START Information given
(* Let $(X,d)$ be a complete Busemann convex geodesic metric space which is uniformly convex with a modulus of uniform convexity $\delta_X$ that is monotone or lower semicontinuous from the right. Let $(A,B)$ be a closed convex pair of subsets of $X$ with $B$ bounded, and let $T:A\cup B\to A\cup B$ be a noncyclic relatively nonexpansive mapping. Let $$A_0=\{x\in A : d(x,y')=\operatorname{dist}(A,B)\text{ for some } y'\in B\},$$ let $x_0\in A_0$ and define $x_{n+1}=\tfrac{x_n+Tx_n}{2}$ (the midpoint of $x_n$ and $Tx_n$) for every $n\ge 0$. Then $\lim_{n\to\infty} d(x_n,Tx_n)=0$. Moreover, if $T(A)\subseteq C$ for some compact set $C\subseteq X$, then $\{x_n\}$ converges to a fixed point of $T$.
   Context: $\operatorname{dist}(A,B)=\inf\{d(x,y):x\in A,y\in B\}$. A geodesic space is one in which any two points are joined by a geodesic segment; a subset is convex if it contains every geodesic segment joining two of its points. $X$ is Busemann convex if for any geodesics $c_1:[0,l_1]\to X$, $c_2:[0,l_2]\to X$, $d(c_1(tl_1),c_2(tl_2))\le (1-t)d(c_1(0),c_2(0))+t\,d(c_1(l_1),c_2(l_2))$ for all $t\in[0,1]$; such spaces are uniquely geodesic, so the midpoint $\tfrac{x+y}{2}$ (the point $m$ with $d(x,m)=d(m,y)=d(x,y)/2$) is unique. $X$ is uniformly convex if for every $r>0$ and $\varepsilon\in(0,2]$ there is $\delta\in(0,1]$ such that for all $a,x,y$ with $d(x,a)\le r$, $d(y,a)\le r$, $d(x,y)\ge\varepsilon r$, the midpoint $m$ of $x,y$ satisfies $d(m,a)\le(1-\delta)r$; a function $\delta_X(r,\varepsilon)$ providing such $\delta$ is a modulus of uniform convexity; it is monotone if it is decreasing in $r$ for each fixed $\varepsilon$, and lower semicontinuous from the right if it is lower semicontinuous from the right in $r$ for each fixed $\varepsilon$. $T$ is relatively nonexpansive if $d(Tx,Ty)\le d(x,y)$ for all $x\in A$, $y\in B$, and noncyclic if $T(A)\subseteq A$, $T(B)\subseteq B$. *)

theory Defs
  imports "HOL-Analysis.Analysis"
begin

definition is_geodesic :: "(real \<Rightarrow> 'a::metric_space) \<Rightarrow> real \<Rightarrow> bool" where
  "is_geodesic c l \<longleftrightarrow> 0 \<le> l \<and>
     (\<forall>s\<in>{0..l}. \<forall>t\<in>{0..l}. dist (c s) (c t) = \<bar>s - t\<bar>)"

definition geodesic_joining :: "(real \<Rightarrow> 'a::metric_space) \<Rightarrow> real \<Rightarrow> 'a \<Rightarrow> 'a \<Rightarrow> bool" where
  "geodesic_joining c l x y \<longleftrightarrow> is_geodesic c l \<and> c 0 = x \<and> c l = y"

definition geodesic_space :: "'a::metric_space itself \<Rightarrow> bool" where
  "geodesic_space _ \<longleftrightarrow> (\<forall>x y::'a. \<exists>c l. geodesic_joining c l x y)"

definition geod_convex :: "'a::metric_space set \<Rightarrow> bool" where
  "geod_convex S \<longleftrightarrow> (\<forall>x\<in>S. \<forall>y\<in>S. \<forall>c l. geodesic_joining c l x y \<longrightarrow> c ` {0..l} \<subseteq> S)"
END Information given
§ Exercise instructions:
In the entries above, identify every line with the word "where". Copy those lines.

§ Worked solution:
definition is_geodesic :: "(real \<Rightarrow> 'a::metric_space) \<Rightarrow> real \<Rightarrow> bool" where
definition geodesic_joining :: "(real \<Rightarrow> 'a::metric_space) \<Rightarrow> real \<Rightarrow> 'a \<Rightarrow> 'a \<Rightarrow> bool" where
definition geodesic_space :: "'a::metric_space itself \<Rightarrow> bool" where
definition geod_convex :: "'a::metric_space set \<Rightarrow> bool" where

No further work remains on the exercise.